Roscosmos' head Dmitry Rogozin told reporters that Roscosmos is currently preparing a report about the prospects for international cooperation at the station. This report will be presented to federal officials "after Roscosmos has finished its analysis."

Rogozin suggested on Russian state TV, that Western sanctions could affect the operation of Russian spacecraft servicing ISS cargo flights. Some of these sanctions predate Russia's current military operations against Ukraine. Russia also sends manned missions into the space station.

He stated that the Western partners are dependent on the space station, and said they "cannot manage the station without Russia" because Russia is the only one who can supply fuel for the station.

Rogozin stated that only the engines of the cargo craft were capable of correcting the orbit of the ISS, keeping it safe and free from space debris.

Rogozin wrote later Saturday on Telegram that he had received replies from Western counterparts promising to encourage "further cooperation on the ISS & its operations."

He reiterated that "the restoration and normal relations among partners in the ISS (and other joint (space), projects is possible only if the complete and unconditional removal" of sanctions was achieved, which he called illegal.
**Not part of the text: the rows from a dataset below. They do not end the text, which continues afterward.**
lemma disagreement_average_mono:
  assumes "finite S" and "T \<subseteq> S" and "T \<noteq> {}"
  shows "disagreements T h / card T \<le> disagreements S h / card S"
proof -
  have "disagreements T h / card T \<le> disagreements (T \<union> B) h / card (T \<union> B)" if "finite B" for B
    using that
  proof (induction B rule: finite_induct)
    case (insert x B)
    show ?case
    proof (cases "x \<in> T \<union> B")
      case True
      then have "T \<union> insert x B = T \<union> B" by blast
      then show ?thesis using insert.IH by simp
    next
      case False
      have "T \<union> insert x B = insert x (T \<union> B)" by blast
      moreover have "finite (T \<union> B)" using assms insert finite_subset by blast
      ultimately show ?thesis
        using insert.IH disagreement_average_insert[of "T \<union> B" x h] False \<open>T \<noteq> {}\<close> by simp
    qed
  qed simp
  from this[of "S - T"] show ?thesis
    using assms by (simp add: Un_absorb1)
qed

lemma f_match_insert:
  assumes "finite \<Omega>"
  shows "f_match \<Omega> (insert v I) \<phi> - f_match \<Omega> I \<phi> = card {g \<in> Omega_restr \<Omega> I \<phi>. g v \<noteq> \<phi> v}"
proof -
  let ?S = "Omega_restr \<Omega> I \<phi>"
  have "Omega_restr \<Omega> (insert v I) \<phi> = {g \<in> ?S. g v = \<phi> v}"
    by (auto simp: Omega_restr_def)
  moreover have "card ?S = card {g \<in> ?S. g v = \<phi> v} + card {g \<in> ?S. g v \<noteq> \<phi> v}"
    using assms by (subst card_Un_disjoint[symmetric]) (auto simp: Omega_restr_def intro: arg_cong[where f = card])
  ultimately show ?thesis by (simp add: f_match_def)
qed

lemma cond_set_eq_Omega_restr:
  "\<phi> \<in> cond_set \<Omega> \<psi> \<Longrightarrow> cond_set \<Omega> \<psi> = Omega_restr \<Omega> (dom \<psi>) \<phi>"
  by (force simp: cond_set_def consistent_def Omega_restr_def)

lemma cond_marginal_f_match:
  assumes "finite \<Omega>"
  shows "cond_marginal \<Omega> (f_match \<Omega>) \<psi> v
       = disagreements (cond_set \<Omega> \<psi>) (\<lambda>\<phi>. \<phi> v) / card (cond_set \<Omega> \<psi>)"
proof -
  let ?S = "cond_set \<Omega> \<psi>"
  have "f_match \<Omega> (insert v (dom \<psi>)) \<phi> - f_match \<Omega> (dom \<psi>) \<phi> = card {g \<in> ?S. g v \<noteq> \<phi> v}"
    if "\<phi> \<in> ?S" for \<phi>
    using f_match_insert[OF assms] cond_set_eq_Omega_restr[OF that] by simp
  then show ?thesis unfolding cond_marginal_def disagreements_def by simp
qed

lemma f_match_adaptive_monotone: "finite \<Omega> \<Longrightarrow> adaptive_monotone n \<Omega> (f_match \<Omega>)"
  by (simp add: adaptive_monotone_def cond_marginal_f_match)

lemma f_match_adaptive_submodular:
  assumes "finite \<Omega>"
  shows "adaptive_submodular n \<Omega> (f_match \<Omega>)"
  unfolding adaptive_submodular_def
proof (intro allI impI)
  fix \<psi> \<psi>' v
  assume "partial_realization n \<Omega> \<psi>'" and "\<psi> \<subseteq>\<^sub>m \<psi>'"
  have "finite (cond_set \<Omega> \<psi>)" using assms by (simp add: cond_set_def)
  moreover have "cond_set \<Omega> \<psi>' \<subseteq> cond_set \<Omega> \<psi>" using \<open>\<psi> \<subseteq>\<^sub>m \<psi>'\<close> by (rule cond_set_antimono)
  moreover have "cond_set \<Omega> \<psi>' \<noteq> {}"
    using \<open>partial_realization n \<Omega> \<psi>'\<close> by (auto simp: partial_realization_def cond_set_def)
  ultimately show "cond_marginal \<Omega> (f_match \<Omega>) \<psi>' v \<le> cond_marginal \<Omega> (f_match \<Omega>) \<psi> v"
    unfolding cond_marginal_f_match[OF assms] by (rule disagreement_average_mono)
qed

lemma f_match_mono:
  assumes "finite \<Omega>" and "A \<subseteq> B"
  shows "f_match \<Omega> A \<phi> \<le> f_match \<Omega> B \<phi>"
proof -
  have "card (Omega_restr \<Omega> B \<phi>) \<le> card (Omega_restr \<Omega> A \<phi>)"
    using assms by (intro card_mono) (auto simp: Omega_restr_def)
  then show ?thesis by (simp add: f_match_def)
qed

lemma f_match_empty: "f_match \<Omega> {} \<phi> = 0"
  by (simp add: f_match_def Omega_restr_def)

lemma finite_perfect_matchings: "finite (perfect_matchings n E)"
proof (rule finite_subset)
  show "perfect_matchings n E \<subseteq> {1..n} \<rightarrow>\<^sub>E {1..n}" by (auto simp: perfect_matchings_def)
qed (simp add: finite_PiE)

lemma gap_bound_from_recurrence:
  fixes G :: "nat \<Rightarrow> real"
  assumes "K > 0" and step: "\<And>i. i < K \<Longrightarrow> F - G i \<le> K * (G (Suc i) - G i)"
    and "G 0 = 0" and "F \<ge> 0"
  shows "(1 - 1 / exp 1) * F \<le> G K"
proof -
  have shrink: "F - G i \<le> (1 - 1 / K) ^ i * F" if "i \<le> K" for i
    using that
  proof (induction i)
    case (Suc i)
    have "F - G (Suc i) \<le> (1 - 1 / K) * (F - G i)"
      using step[of i] Suc.prems \<open>K > 0\<close> by (simp add: field_simps)
    also have "\<dots> \<le> (1 - 1 / K) * ((1 - 1 / K) ^ i * F)"
      using Suc \<open>K > 0\<close> by (intro mult_left_mono) auto
    finally show ?case by simp
  qed (simp add: \<open>G 0 = 0\<close>)
  have "(1 - 1 / real K) ^ K \<le> exp (-1)"
    using exp_ge_one_minus_x_over_n_power_n[of 1 K] \<open>K > 0\<close> by simp
  then have "F - G K \<le> exp (-1) * F"
    using shrink[of K] mult_right_mono[OF _ \<open>F \<ge> 0\<close>] by fastforce
  then show ?thesis by (simp add: exp_minus field_simps)
qed

locale adaptive_submodular_objective =
  fixes n :: nat and \<Omega> :: "(nat \<Rightarrow> nat) set" and f :: "nat set \<Rightarrow> (nat \<Rightarrow> nat) \<Rightarrow> real"
  assumes finite_Omega: "finite \<Omega>"
    and f_mono: "\<And>A B \<phi>. A \<subseteq> B \<Longrightarrow> f A \<phi> \<le> f B \<phi>"
    and f_empty: "\<And>\<phi>. f {} \<phi> = 0"
    and f_adaptive_monotone: "adaptive_monotone n \<Omega> f"
    and f_adaptive_submodular: "adaptive_submodular n \<Omega> f"
begin

definition total_value :: "policy \<Rightarrow> nat \<Rightarrow> real" where
  "total_value \<pi> t = (\<Sum>\<phi>\<in>\<Omega>. f (selected \<pi> \<phi> t) \<phi>)"
(* Let $d\ge 2$ and assume that for every positive integer $d'<d$, every simple $d'$-polytope with $2d'$ facets has (graph) diameter at most $d'$. Let $D$ be a Dantzig figure of dimension $d$ with distinguished vertices $x,y$, and suppose every facet of $D$ has at most $2d-2$ facets of its own (i.e. at most $2d-2$ of the $(d-2)$-faces of $D$ are contained in it). Then the distance between $x$ and $y$ in the edge-vertex graph of $D$ is at most $d$.
   Context: A Dantzig figure of dimension $d$ is a simple $d$-polytope with exactly $2d$ facets together with two vertices $x,y$ that lie on no common facet. A $d$-polytope is simple if every vertex lies in exactly $d$ facets. The diameter of a polytope is the maximum over pairs of vertices of the shortest-path distance in its edge-vertex graph (vertices and edges of the polytope). *)

theory Defs
  imports "HOL-Analysis.Analysis"
begin

definition poly_adj :: "'a::euclidean_space set \<Rightarrow> 'a \<Rightarrow> 'a \<Rightarrow> bool" where
  "poly_adj P u v \<longleftrightarrow> u \<noteq> v \<and> u extreme_point_of P \<and> v extreme_point_of P
      \<and> closed_segment u v edge_of P"

definition poly_path :: "'a::euclidean_space set \<Rightarrow> 'a list \<Rightarrow> bool" where
  "poly_path P xs \<longleftrightarrow> xs \<noteq> [] \<and> (\<forall>z\<in>set xs. z extreme_point_of P)
      \<and> (\<forall>i. Suc i < length xs \<longrightarrow> poly_adj P (xs ! i) (xs ! Suc i))"

definition poly_dist :: "'a::euclidean_space set \<Rightarrow> 'a \<Rightarrow> 'a \<Rightarrow> nat" where
  "poly_dist P u v = (LEAST n. \<exists>xs. poly_path P xs \<and> hd xs = u \<and> last xs = v \<and> length xs = Suc n)"

definition poly_diameter :: "'a::euclidean_space set \<Rightarrow> nat" where
  "poly_diameter P = Sup {poly_dist P u v | u v. u extreme_point_of P \<and> v extreme_point_of P}"

definition simple_polytope :: "'a::euclidean_space set \<Rightarrow> nat \<Rightarrow> bool" where
  "simple_polytope P d \<longleftrightarrow> polytope P \<and> aff_dim P = int d
      \<and> (\<forall>v. v extreme_point_of P \<longrightarrow> card {F. F facet_of P \<and> v \<in> F} = d)"

definition dantzig_figure :: "'a::euclidean_space set \<Rightarrow> nat \<Rightarrow> 'a \<Rightarrow> 'a \<Rightarrow> bool" where
  "dantzig_figure P d x y \<longleftrightarrow> simple_polytope P d \<and> card {F. F facet_of P} = 2 * d
      \<and> x extreme_point_of P \<and> y extreme_point_of P
      \<and> \<not> (\<exists>F. F facet_of P \<and> x \<in> F \<and> y \<in> F)"

end

theory Submission
  imports Defs
begin

text \<open>
  Each facet of the Dantzig figure D contains exactly one of x and y: x and y lie on d facets
  each, none shared, and there are only 2d. So if y' is a neighbour of y and H a facet through
  y' avoiding y, then x lies on H. The facet H is a simple (d-1)-polytope with at most 2(d-1)
  facets, and such polytopes have diameter at most their dimension k < d: with exactly 2k
  facets this is the hypothesis, with fewer some facet contains both vertices (each lies on k
  facets) and one descends to that facet. This gives a walk x \<leadsto> y' of length at most d - 1
  inside H, and the edge y' y completes it.

  Since poly_dist is a LEAST over paths, a diameter bound only yields an actual walk
  once the graph is known to be connected; connectivity follows by induction on the dimension,
  because the facets reachable from a vertex cover the connected relative boundary.
\<close>

lemma poly_adj_sym: "poly_adj P u v \<Longrightarrow> poly_adj P v u"
  by (auto simp: poly_adj_def closed_segment_commute)

lemma poly_adj_face_of:
  "F face_of P \<Longrightarrow> poly_adj F u v \<Longrightarrow> poly_adj P u v"
  by (auto simp: poly_adj_def edge_of_def extreme_point_of_face intro: face_of_trans)

lemma relpowp_poly_adj_face_of:
  assumes "F face_of P" "(poly_adj F ^^ n) u v"
  shows "(poly_adj P ^^ n) u v"
  using assms(2) by (rule relpowp_mono[rotated]) (rule poly_adj_face_of[OF assms(1)])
One of the last areas of cooperation between Moscow, Western countries and space is still available. When Russia launched its military operations in Ukraine last month it began negotiations with the United States and Russia to resume joint flights to the Space Station. This prompted unprecedented sanctions against Russian-linked entities.

The U.S., Russia and China have been cooperating in space so far. After a record 355 days at International Space Station, a NASA astronaut was able to board a Russian flight back to Earth with two cosmonauts.

Mark Vande Hei and the Russian Space Agency's Pyotr dubrov (who also spent the last year in space) landed in Soyuz capsules in Kazakhstan. After touchdown, wind blew the capsule on its side and the trio emerged in the afternoon sun.

Vande Hei returned home following the usual procedures. A small team of NASA doctors and other staff were present for Vande Hei's touchdown. They returned home with him immediately.